00:13:01.760 When producing messages to Kafka, you can choose between synchronous or asynchronous modes. The synchronous method is simpler—you write a message, and be sure to handle errors properly, providing appropriate feedback to the user. However, if you opt for the asynchronous method, messages are queued in a background thread, yielding quicker responses to users. While this provides benefits, the inconsistency remains a risk if a failure occurs post-response return.

00:13:51.960 Another challenge in this approach is guaranteeing absolute consistency across services and databases. If a Rails app processes an inbound request that involves writing to a database and sending a Kafka message, you must ensure that either both actions succeed or both fail. You'd face the dreaded dual-write problem if the Kafka message was delivered but the database transaction fails, leading to inconsistency.

00:14:25.520 To address this, some developers utilize a transactional outbox pattern. This involves creating an outbox table in your database where messages are stored before being sent to Kafka, ensuring they are always in sync. If you're using certain cloud databases, they may offer integrated solutions. For example, AWS’s Kinesis can automatically output changes into streams or Kafka.

00:15:26.800 As we wrap this up, I want to emphasize various approaches to ensuring data consistency.

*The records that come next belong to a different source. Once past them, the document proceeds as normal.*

(* Let $k\ge1$, $n\ge 2k+1$, let $G$ be a spanning subgraph of $J(n;k,k+1)$, and let $m\ge3$. If for some $\gamma\in\binom{[n]}{k-1}$ the graph $H_\gamma=H_\gamma(G)$ contains a cycle of length $m$, then $G$ contains a cycle of length $2m$. Here $H_\gamma$ is the graph whose vertex set is the set of all $k$-subsets of $[n]$ containing $\gamma$, in which two distinct vertices $x,y$ are adjacent iff there is a path of length $2$ between $x$ and $y$ in $G$.
   Context: $J(n;k,k+1)$ is the bipartite graph with vertex set $\binom{[n]}{k}\cup\binom{[n]}{k+1}$ (subsets of $[n]=\{1,\dots,n\}$), with $u,v$ adjacent iff $u\subset v$ or $v\subset u$. A spanning subgraph has the same vertex set. *)

theory Defs
  imports Main
begin

definition J_vert :: "nat \<Rightarrow> nat \<Rightarrow> nat set set" where
  "J_vert n k = {A. A \<subseteq> {1..n} \<and> (card A = k \<or> card A = k + 1)}"

definition J_adj :: "nat \<Rightarrow> nat \<Rightarrow> nat set \<Rightarrow> nat set \<Rightarrow> bool" where
  "J_adj n k u v \<longleftrightarrow> u \<in> J_vert n k \<and> v \<in> J_vert n k \<and> (u \<subset> v \<or> v \<subset> u)"

text \<open>A spanning subgraph of J(n;k,k+1) is given by a symmetric edge relation E
  contained in the edge relation of J(n;k,k+1); its vertex set is J_vert n k.\<close>
definition spanning_subgraph_J :: "nat \<Rightarrow> nat \<Rightarrow> (nat set \<Rightarrow> nat set \<Rightarrow> bool) \<Rightarrow> bool" where
  "spanning_subgraph_J n k E \<longleftrightarrow>
     (\<forall>u v. E u v \<longrightarrow> J_adj n k u v) \<and> (\<forall>u v. E u v \<longrightarrow> E v u)"

definition has_cycle :: "'a set \<Rightarrow> ('a \<Rightarrow> 'a \<Rightarrow> bool) \<Rightarrow> nat \<Rightarrow> bool" where
  "has_cycle V E m \<longleftrightarrow> m \<ge> 3 \<and> (\<exists>f :: nat \<Rightarrow> 'a. inj_on f {..<m} \<and> (\<forall>i<m. f i \<in> V)
       \<and> (\<forall>i<m. E (f i) (f (Suc i mod m))))"

definition H_vert :: "nat \<Rightarrow> nat \<Rightarrow> nat set \<Rightarrow> nat set set" where
  "H_vert n k \<gamma> = {x. x \<subseteq> {1..n} \<and> card x = k \<and> \<gamma> \<subseteq> x}"

definition H_adj :: "nat \<Rightarrow> nat \<Rightarrow> (nat set \<Rightarrow> nat set \<Rightarrow> bool) \<Rightarrow> nat set \<Rightarrow> nat set \<Rightarrow> nat set \<Rightarrow> bool" where
  "H_adj n k E \<gamma> x y \<longleftrightarrow> x \<in> H_vert n k \<gamma> \<and> y \<in> H_vert n k \<gamma> \<and> x \<noteq> y \<and>
     (\<exists>z. z \<noteq> x \<and> z \<noteq> y \<and> E x z \<and> E z y)"

end

theory Submission
  imports Defs
begin

text \<open>Two sets adjacent in H_gamma are k-sets, so a common neighbour of them in G is a
  (k+1)-set containing both, i.e. their union. Following the cycle x_0, ..., x_(m-1) of H_gamma
  through these unions gives a closed walk of length 2m in G. It is a cycle because the unions
  are distinct: a (k+1)-set containing the (k-1)-set gamma contains only two k-sets containing
  gamma, whereas two different pairs {x_i, x_(i+1)} and {x_j, x_(j+1)} of consecutive vertices
  of a cycle of length m >= 3 involve at least three distinct sets.\<close>

lemma among_three_middle_sets_two_equal:
  assumes "finite z" "\<gamma> \<subseteq> z" "card z = card \<gamma> + 2"
    and "\<gamma> \<subseteq> a" "a \<subseteq> z" "card a = card \<gamma> + 1"
    and "\<gamma> \<subseteq> b" "b \<subseteq> z" "card b = card \<gamma> + 1"
    and "\<gamma> \<subseteq> c" "c \<subseteq> z" "card c = card \<gamma> + 1"
  shows "a = b \<or> a = c \<or> b = c"
proof -
  have "card (z - \<gamma>) = 2"
    using assms(1-3) by (simp add: card_Diff_subset finite_subset)
  then obtain p q where pq: "z - \<gamma> = {p, q}"
    by (auto simp: card_2_iff)
  have "w = z - {p} \<or> w = z - {q}"
    if w: "\<gamma> \<subseteq> w" "w \<subseteq> z" "card w = card \<gamma> + 1" for w
  proof -
    have "card (z - w) = 1"
      using w assms(1,3) by (simp add: card_Diff_subset finite_subset)
    then obtain e where e: "z - w = {e}"
      by (rule card_1_singletonE)
    then have "e = p \<or> e = q"
      using w(1) pq by blast
    moreover have "w = z - {e}"
      using e w(2) by blast
    ultimately show ?thesis
      by blast
  qed
  then have "a = z - {p} \<or> a = z - {q}" "b = z - {p} \<or> b = z - {q}"
    "c = z - {p} \<or> c = z - {q}"
    using assms(4-12) by simp_all
  then show ?thesis
    by blast
qed

lemma add_mod_neq_self:
  fixes i d m :: nat
  assumes "i < m" "0 < d" "d < m"
  shows "(i + d) mod m \<noteq> i"
proof (cases "i + d < m")
  case False
  then have "(i + d) mod m = i + d - m"
    using assms by (simp add: mod_if)
  then show ?thesis
    using False assms(3) by linarith
qed (use assms(2) in simp)

lemma inj_on_union_consecutive:
  fixes f :: "nat \<Rightarrow> 'a set"
  assumes inj: "inj_on f {..<m}" and "m \<ge> 3"
    and layer: "\<And>i. i < m \<Longrightarrow> \<gamma> \<subseteq> f i \<and> card (f i) = card \<gamma> + 1"
    and union: "\<And>i. i < m \<Longrightarrow> card (f i \<union> f (Suc i mod m)) = card \<gamma> + 2"
  shows "inj_on (\<lambda>i. f i \<union> f (Suc i mod m)) {..<m}"
proof (rule inj_onI, rule ccontr)
  define s where "s i = Suc i mod m" for i
  fix i j
  assume "i \<in> {..<m}" "j \<in> {..<m}" "i \<noteq> j"
    and eq: "f i \<union> f (Suc i mod m) = f j \<union> f (Suc j mod m)"
  then have ij: "i < m" "j < m" "i \<noteq> j"
    by auto
  have s: "s t < m" "s t \<noteq> t" "s (s t) \<noteq> t" if "t < m" for t
    using that add_mod_neq_self[of t m 1] add_mod_neq_self[of t m 2] \<open>m \<ge> 3\<close>
    by (auto simp: s_def mod_Suc_eq)
  let ?z = "f i \<union> f (s i)"
  have card_z: "card ?z = card \<gamma> + 2"
    using union[OF ij(1)] by (simp add: s_def)
  then have z: "finite ?z" "\<gamma> \<subseteq> ?z" "card ?z = card \<gamma> + 2"
    using layer[OF ij(1)] card_ge_0_finite[of ?z] by simp_all blast
  have three: "f a = f b \<or> f a = f c \<or> f b = f c"
    if "a < m" "b < m" "c < m" "f a \<subseteq> ?z" "f b \<subseteq> ?z" "f c \<subseteq> ?z" for a b c
    using that layer[of a] layer[of b] layer[of c]
    by (intro among_three_middle_sets_two_equal[OF z]) auto
  have sub: "f i \<subseteq> ?z" "f (s i) \<subseteq> ?z" "f j \<subseteq> ?z" "f (s j) \<subseteq> ?z"
    using eq by (auto simp: s_def)
  show False
  proof (cases "j = s i")
    case True
    then show False
      using three[OF ij(1,2) s(1)[OF ij(2)] sub(1,3,4)] inj ij s[OF ij(1)] s[OF ij(2)]
      by (auto simp: inj_on_def)
  next
    case False
    then show False
      using three[OF ij(1) s(1)[OF ij(1)] ij(2) sub(1,2,3)] inj ij s[OF ij(1)]
      by (auto simp: inj_on_def)
  qed
qed

lemma has_cycle_subdivide:
  fixes f Z :: "nat \<Rightarrow> 'a"
  assumes "m \<ge> 2"
    and "inj_on f {..<m}" "inj_on Z {..<m}" "f ` {..<m} \<inter> Z ` {..<m} = {}"
    and "\<And>i. i < m \<Longrightarrow> f i \<in> V \<and> Z i \<in> V"
    and "\<And>i. i < m \<Longrightarrow> E (f i) (Z i) \<and> E (Z i) (f (Suc i mod m))"
  shows "has_cycle V E (2 * m)"
proof -
  define g where "g t = (if even t then f (t div 2) else Z (t div 2))" for t
  have "inj_on g {..<2 * m}"
  proof (rule inj_onI)
    fix a b
    assume "a \<in> {..<2 * m}" "b \<in> {..<2 * m}" "g a = g b"
    then have "a div 2 < m" "b div 2 < m" "g a = g b"
      by auto
    then have "even a = even b" "a div 2 = b div 2"
      using assms(2-4) by (auto simp: g_def inj_on_def split: if_splits)
    then show "a = b"
      by (metis div_mult_mod_eq mod2_eq_if)
  qed
  moreover have "g t \<in> V" if "t < 2 * m" for t
    using assms(5)[of "t div 2"] that by (simp add: g_def)
  moreover have "E (g t) (g (Suc t mod (2 * m)))" if t: "t < 2 * m" for t
  proof (cases "even t")
    case True
    then have "Suc t < 2 * m"
      using t by (metis Suc_lessI even_Suc even_mult_iff even_numeral)
    then show ?thesis
      using assms(6)[of "t div 2"] t True by (simp add: g_def)
  next
    case False
    then obtain i where i: "t = 2 * i + 1"
      by (rule oddE)
    then have "Suc t = 2 * Suc i"
      by simp
    then have "Suc t mod (2 * m) = 2 * (Suc i mod m)"
      by (simp only: mult_mod_right)
    then show ?thesis
      using assms(6)[of i] t i by (simp add: g_def)
  qed
  ultimately show ?thesis
    using assms(1) unfolding has_cycle_def by (intro conjI exI[of _ g]) auto
qed

lemma spanning_subgraph_J_neighbour_of_k_set:
  assumes "spanning_subgraph_J n k E" "E x z" "card x = k"
  shows "x \<subset> z \<and> card z = k + 1"
proof -
  have "J_adj n k x z"
    using assms(1,2) by (simp add: spanning_subgraph_J_def)
  then have finite: "finite x" "finite z" and card_z: "card z = k \<or> card z = k + 1"
    and "x \<subset> z \<or> z \<subset> x"
    by (auto simp: J_adj_def J_vert_def intro: finite_subset)
  moreover have "\<not> z \<subset> x"
  proof
    assume "z \<subset> x"
    then have "card z < k"
      using psubset_card_mono[OF finite(1)] assms(3) by blast
    then show False
      using card_z by linarith
  qed
  ultimately have "x \<subset> z"
    by blast
  moreover from this have "k < card z"
    using psubset_card_mono[OF finite(2)] assms(3) by blast
  ultimately show ?thesis
    using card_z by auto
qed

lemma H_adj_union_common_neighbour:
  assumes E: "spanning_subgraph_J n k E" and "H_adj n k E \<gamma> x y"
  shows "E x (x \<union> y) \<and> E (x \<union> y) y \<and> card (x \<union> y) = k + 1"
proof -
  obtain z where xy: "x \<in> H_vert n k \<gamma>" "y \<in> H_vert n k \<gamma>" "x \<noteq> y"
    and z: "E x z" "E z y"
    using assms(2) unfolding H_adj_def by blast
  have card_xy: "card x = k" "card y = k"
    using xy(1,2) by (auto simp: H_vert_def)
  have "E y z"
    using E z(2) by (simp add: spanning_subgraph_J_def)
  then have "x \<subset> z" "y \<subset> z" and card_z: "card z = k + 1"
    using spanning_subgraph_J_neighbour_of_k_set[OF E] z(1) card_xy by auto
  then have sub: "x \<union> y \<subseteq> z"
    by blast
  have "finite z"
    using card_z card.infinite by fastforce
  then have finite: "finite x" "finite (x \<union> y)"
    using sub finite_subset by auto
  have "\<not> y \<subseteq> x"
    using card_subset_eq[OF finite(1)] card_xy xy(3) by metis
  then have "card x < card (x \<union> y)"
    using psubset_card_mono[OF finite(2), of x] by blast
  then have "x \<union> y = z"
    using card_seteq[OF \<open>finite z\<close> sub] card_xy card_z by simp
  then show ?thesis
    using z card_z by simp
qed

theorem proposition5p1:
  fixes n k m :: nat and E :: "nat set \<Rightarrow> nat set \<Rightarrow> bool" and \<gamma> :: "nat set"
  assumes "k \<ge> 1" and "n \<ge> 2 * k + 1"
    and "spanning_subgraph_J n k E"
    and "m \<ge> 3"
    and "\<gamma> \<subseteq> {1..n}" and "card \<gamma> = k - 1"
    and "has_cycle (H_vert n k \<gamma>) (H_adj n k E \<gamma>) m"
  shows "has_cycle (J_vert n k) E (2 * m)"
proof -
  obtain f where inj: "inj_on f {..<m}" and in_H: "\<And>i. i < m \<Longrightarrow> f i \<in> H_vert n k \<gamma>"
    and adj: "\<And>i. i < m \<Longrightarrow> H_adj n k E \<gamma> (f i) (f (Suc i mod m))"
    using assms(7) unfolding has_cycle_def by blast
  define Z where "Z i = f i \<union> f (Suc i mod m)" for i
  have f: "f i \<subseteq> {1..n} \<and> card (f i) = card \<gamma> + 1 \<and> \<gamma> \<subseteq> f i" if "i < m" for i
    using in_H[OF that] assms(1,6) by (simp add: H_vert_def)
  have Z: "E (f i) (Z i) \<and> E (Z i) (f (Suc i mod m)) \<and> Z i \<subseteq> {1..n}
      \<and> card (Z i) = card \<gamma> + 2" if "i < m" for i
    using H_adj_union_common_neighbour[OF assms(3) adj[OF that]] f[OF that]
      f[of "Suc i mod m"] \<open>m \<ge> 3\<close> assms(1,6)
    by (simp add: Z_def)
  have "inj_on Z {..<m}"
    unfolding Z_def using inj \<open>m \<ge> 3\<close> f Z
    by (intro inj_on_union_consecutive[where \<gamma> = \<gamma>]) (auto simp: Z_def)
  moreover have "f i \<noteq> Z j" if "i < m" "j < m" for i j
    using f[OF that(1)] Z[OF that(2)] by auto
  then have "f ` {..<m} \<inter> Z ` {..<m} = {}"
    by blast
  moreover have "f i \<in> J_vert n k \<and> Z i \<in> J_vert n k" if "i < m" for i
    using f[OF that] Z[OF that] assms(1,6) by (simp add: J_vert_def)
  ultimately show ?thesis
    using has_cycle_subdivide[of m f Z "J_vert n k" E] inj Z \<open>m \<ge> 3\<close> by simp
qed

end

Methods like change data capture allow the separation of message formats from actual database structures by using mechanisms that handle updates and changelogs. This flexibility allows you to create cleaner APIs for your consumers while preventing database structure leaks.

00:16:32.120 In conclusion, streaming provides a globally distributed, eventually consistent, and near real-time way to manage messages. The reliability of such a system is crucial in complex applications involving multiple teams, and I believe it's an excellent way for managing intricate enterprise architecture.

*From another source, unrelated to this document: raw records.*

(* Let $\Phi:\ell^\infty(\mathbb Z)\to\ell^\infty(\mathbb Z)$ be a linear map commuting with the backward shift $B$, $(Bv)_n=v_{n+1}$. If $\Phi$ is idempotent and contractive, then either $\Phi=\Phi^{s}$ (i.e. $\Phi$ annihilates $c_0(\mathbb Z)$) or $\Phi$ is the identity map.
   Context: For such $\Phi$, let $\phi_0(v)=\Phi(v)_0$, so $\Phi(v)_n=\phi_0(B^nv)$. Write $\phi_0=\phi^{ac}+\phi^s$ with $\phi^{ac}$ weak*-continuous (given by an $\ell^1(\mathbb Z)$ vector) and $\phi^s$ vanishing on $c_0(\mathbb Z)$ (the null sequences), and set $\Phi^{s}(v)=(\phi^s(B^nv))_n$. *)

theory Defs
  imports "HOL-Analysis.Analysis"
begin

definition linf :: "(int \<Rightarrow> complex) set" where
  "linf = {v. bounded (range v)}"

definition c0 :: "(int \<Rightarrow> complex) set" where
  "c0 = {v. \<forall>e>0. finite {n. norm (v n) \<ge> e}}"

definition supnorm :: "(int \<Rightarrow> complex) \<Rightarrow> real" where
  "supnorm v = (SUP n. norm (v n))"

definition bshift :: "(int \<Rightarrow> complex) \<Rightarrow> (int \<Rightarrow> complex)" where
  "bshift v = (\<lambda>n. v (n + 1))"

text \<open>A linear map on linf (values outside linf are irrelevant).\<close>
definition linear_on_linf :: "((int \<Rightarrow> complex) \<Rightarrow> (int \<Rightarrow> complex)) \<Rightarrow> bool" where
  "linear_on_linf \<Phi> \<longleftrightarrow> (\<forall>v\<in>linf. \<Phi> v \<in> linf) \<and>
     (\<forall>u\<in>linf. \<forall>v\<in>linf. \<Phi> (\<lambda>n. u n + v n) = (\<lambda>n. \<Phi> u n + \<Phi> v n)) \<and>
     (\<forall>a. \<forall>v\<in>linf. \<Phi> (\<lambda>n. a * v n) = (\<lambda>n. a * \<Phi> v n))"

end

theory Submission
  imports Defs
begin

text \<open>
  A shift-commuting contraction \<open>\<Phi>\<close> acts on finitely supported sequences as convolution with
  \<open>\<kappa> = \<Phi> e\<^sub>0\<close>, and testing contractivity against phase-aligned finite sequences shows
  \<open>\<Sum>|\<kappa> j| \<le> 1\<close>. Since every \<open>v \<in> c\<^sub>0\<close> is uniformly close to a finitely supported sequence,
  \<open>\<kappa> = 0\<close> forces \<open>\<Phi>\<close> to annihilate \<open>c\<^sub>0\<close>. Otherwise idempotence gives \<open>\<kappa> = \<kappa> * \<kappa>\<close> (convolution); at a
  point where \<open>|\<kappa>|\<close> is maximal, the bound \<open>\<Sum>|\<kappa> j| \<le> 1\<close> forces \<open>|\<kappa>|\<close> to be maximal on a
  translate of the support of \<open>\<kappa>\<close>, so the support is finite, and comparing extreme points of
  the support in \<open>\<kappa> = \<kappa> * \<kappa>\<close> gives \<open>\<kappa> = e\<^sub>0\<close>. Then \<open>\<Phi>\<close> fixes every \<open>e\<^sub>n\<close>, and a contraction
  fixing \<open>e\<^sub>n\<close> cannot move the \<open>n\<close>-th coordinate of any \<open>v\<close>: otherwise a small multiple of
  \<open>v - v\<^sub>n e\<^sub>n\<close>, suitably rotated, added to \<open>e\<^sub>n\<close> would be mapped to a sequence of norm \<open>> 1\<close>.
\<close>

lemma linf_iff: "v \<in> linf \<longleftrightarrow> (\<exists>B. \<forall>n. norm (v n) \<le> B)"
  unfolding linf_def by (auto simp: bounded_iff)

lemma linf_add: "u \<in> linf \<Longrightarrow> v \<in> linf \<Longrightarrow> (\<lambda>n. u n + v n) \<in> linf"
proof -
  assume "u \<in> linf" "v \<in> linf"
  then obtain A B where "\<forall>n. norm (u n) \<le> A" "\<forall>n. norm (v n) \<le> B" by (auto simp: linf_iff)
  then have "\<forall>n. norm (u n + v n) \<le> A + B" by (meson add_mono norm_triangle_le)
  then show ?thesis by (auto simp: linf_iff)
qed

lemma linf_scale: "v \<in> linf \<Longrightarrow> (\<lambda>n. c * v n) \<in> linf"
proof -
  assume "v \<in> linf"
  then obtain B where "\<forall>n. norm (v n) \<le> B" by (auto simp: linf_iff)
  then have "\<forall>n. norm (c * v n) \<le> norm c * B" by (simp add: mult_left_mono norm_mult)
  then show ?thesis by (auto simp: linf_iff)
qed

lemma linf_diff: "u \<in> linf \<Longrightarrow> v \<in> linf \<Longrightarrow> (\<lambda>n. u n - v n) \<in> linf"
  using linf_add[of u "\<lambda>n. (-1) * v n"] linf_scale[of v "-1"] by simp

lemma linf_if_bounded_off_finite:
  assumes "finite F" "\<And>m. m \<notin> F \<Longrightarrow> norm (v m) \<le> B" "B \<ge> 0"
  shows "v \<in> linf"
proof -
  have "norm (v m) \<le> B + (\<Sum>j\<in>F. norm (v j))" for m
  proof (cases "m \<in> F")
    case True
    then show ?thesis
      using member_le_sum[of m F "\<lambda>j. norm (v j)"] assms by simp
  next
    case False
    then show ?thesis using assms(2) sum_nonneg[of F "\<lambda>j. norm (v j)"] by force
  qed
  then show ?thesis unfolding linf_iff by blast
qed

lemma c0_subset_linf: "c0 \<subseteq> linf"
proof
  fix v assume "v \<in> c0"
  then have "finite {n. norm (v n) \<ge> 1}" unfolding c0_def by auto
  then show "v \<in> linf" by (rule linf_if_bounded_off_finite[where B = 1]) auto
qed

lemma supnorm_upper: "v \<in> linf \<Longrightarrow> norm (v n) \<le> supnorm v"
  unfolding supnorm_def by (rule cSUP_upper) (auto simp: linf_iff bdd_above_def)

lemma supnorm_least: "(\<And>n. norm (v n) \<le> B) \<Longrightarrow> supnorm v \<le> B"
  unfolding supnorm_def by (rule cSUP_least) auto

definition unit_seq :: "int \<Rightarrow> int \<Rightarrow> complex" where
  "unit_seq k = (\<lambda>m. if m = k then 1 else 0)"

lemma unit_seq_self [simp]: "unit_seq k k = 1"
  by (simp add: unit_seq_def)

lemma unit_seq_linf: "unit_seq k \<in> linf"
  unfolding linf_iff unit_seq_def by (rule exI[of _ 1]) auto

lemma sum_unit_seq: "finite F \<Longrightarrow> (\<Sum>k\<in>F. c k * unit_seq k m) = (if m \<in> F then c m else 0)"
  unfolding unit_seq_def by (simp add: if_distrib cong: if_cong)

lemma sum_unit_seq_linf: "finite F \<Longrightarrow> (\<lambda>m. \<Sum>k\<in>F. c k * unit_seq k m) \<in> linf"
  by (rule linf_if_bounded_off_finite[where B = 0]) (auto simp: sum_unit_seq)

lemma cnj_sgn_mult: "cnj (sgn z) * z = complex_of_real (norm z)"
proof (cases "z = 0")
  case False
  have "cnj (sgn z) * z = cnj z * z / complex_of_real (norm z)"
    by (simp add: sgn_div_norm scaleR_conv_of_real divide_inverse mult_ac)
  also have "cnj z * z = complex_of_real (norm z)^2"
    by (metis complex_norm_square mult.commute of_real_power)
  finally show ?thesis using False by (simp add: power2_eq_square)
qed simp

lemma has_max_if_finite_superlevel:
  fixes f :: "'a \<Rightarrow> real"
  assumes "finite {x. f x0 \<le> f x}"
  obtains m where "\<And>x. f x \<le> f m"
proof -
  let ?M = "{x. f x0 \<le> f x}"
  have "Max (f ` ?M) \<in> f ` ?M" using assms by (intro Max_in) auto
  then obtain m where m: "m \<in> ?M" "f m = Max (f ` ?M)" by auto
  have "f x \<le> f m" for x
  proof (cases "x \<in> ?M")
    case True
    then show ?thesis using m assms by simp
  next
    case False
    then show ?thesis using m(1) by simp
  qed
  then show thesis by (rule that)
qed

lemma idempotent_convolution_support_nonpos:
  fixes a :: "int \<Rightarrow> 'a::idom"
  assumes fin: "finite {k. a k \<noteq> 0}"
    and conv: "\<And>n. a n = (\<Sum>k | a k \<noteq> 0. a k * a (n - k))"
    and k: "a k \<noteq> 0"
  shows "k \<le> 0"
proof -
  define S where "S = {k. a k \<noteq> 0}"
  define U where "U = Max S"
  have "finite S" "S \<noteq> {}" using fin k by (auto simp: S_def)
  then have U: "U \<in> S" "\<And>j. j \<in> S \<Longrightarrow> j \<le> U" by (simp_all add: U_def)
  have "a (2 * U) = (\<Sum>j\<in>S. a j * a (2 * U - j))" unfolding S_def by (rule conv)
  also have "\<dots> = a U * a (2 * U - U) + (\<Sum>j\<in>S - {U}. a j * a (2 * U - j))"
    using fin U(1) by (simp add: S_def sum.remove)
  also have "(\<Sum>j\<in>S - {U}. a j * a (2 * U - j)) = 0"
  proof (intro sum.neutral ballI)
    fix j assume "j \<in> S - {U}"
    then have "U < 2 * U - j" using U(2) by force
    then have "2 * U - j \<notin> S" using U(2) by force
    then show "a j * a (2 * U - j) = 0" by (simp add: S_def)
  qed
  finally have "a (2 * U) = a U * a U" by simp
  then have "2 * U \<in> S" using U(1) by (simp add: S_def)
  then have "2 * U \<le> U" by (rule U(2))
  moreover have "k \<le> U" using k by (intro U(2)) (simp add: S_def)
  ultimately show "k \<le> 0" by linarith
qed

lemma idempotent_convolution_finite_support:
  fixes a :: "int \<Rightarrow> 'a::idom"
  assumes fin: "finite {k. a k \<noteq> 0}" and nz: "a \<noteq> (\<lambda>_. 0)"
    and conv: "\<And>n. a n = (\<Sum>k | a k \<noteq> 0. a k * a (n - k))"
  shows "a = (\<lambda>n. if n = 0 then 1 else 0)"
proof -
  define b where "b n = a (- n)" for n
  have supp_b: "{k. b k \<noteq> 0} = uminus ` {k. a k \<noteq> 0}"
    by (auto simp: b_def image_iff) (metis minus_minus)
  have conv_b: "b n = (\<Sum>k | b k \<noteq> 0. b k * b (n - k))" for n
    unfolding supp_b
    by (subst sum.reindex) (auto simp: b_def conv[of "-n"] inj_on_def intro!: sum.cong arg_cong[where f = a])
  have "finite {k. b k \<noteq> 0}" using fin supp_b by simp
  then have b_nonpos: "b k \<noteq> 0 \<Longrightarrow> k \<le> 0" for k
    by (rule idempotent_convolution_support_nonpos[OF _ conv_b])
  have supp: "a k \<noteq> 0 \<Longrightarrow> k = 0" for k
    using idempotent_convolution_support_nonpos[OF fin conv, of k] b_nonpos[of "- k"]
    by (simp add: b_def)
  obtain k where "a k \<noteq> 0" using nz by auto
  then have a0: "a 0 \<noteq> 0" using supp by blast
  with supp have supp0: "{k. a k \<noteq> 0} = {0}" by blast
  have "a 0 = (\<Sum>k | a k \<noteq> 0. a k * a (0 - k))" by (rule conv)
  also have "\<dots> = a 0 * a 0" by (simp add: supp0)
  finally have "a 0 = a 0 * a 0" .
  with a0 have "a 0 = 1" by simp
  show ?thesis
  proof
    fix n
    show "a n = (if n = 0 then 1 else 0)" using supp \<open>a 0 = 1\<close> by (cases "n = 0") auto
  qed
qed

locale linf_contraction =
  fixes \<Phi> :: "(int \<Rightarrow> complex) \<Rightarrow> (int \<Rightarrow> complex)"
  assumes lin: "linear_on_linf \<Phi>"
    and contr: "\<forall>v\<in>linf. supnorm (\<Phi> v) \<le> supnorm v"
begin

lemma linf_closed: "v \<in> linf \<Longrightarrow> \<Phi> v \<in> linf"
  using lin unfolding linear_on_linf_def by blast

00:17:16.960 Should you find value in setting up a Kafka solution for your architecture, remember to keep your team's messaging standard consistent. Define headers and serialization options that simplify message formats and improve communication across services.

00:18:00.680 Lastly, whether you are an established organization or a startup, consider what the future holds for log-driven development, whereby instead of writing directly to databases, applications send data to Kafka, which is subsequently processed by downstream consumers. This asynchronous architecture shifts practices and can lead to greater scalability.

00:19:08.040 I hope these insights regarding event streaming have been insightful and beneficial for your projects. Make sure to stay informed about ongoing improvements in the Kafka ecosystem. Thank you all for joining my talk today!

00:24:14.431 Thank you! Much appreciated!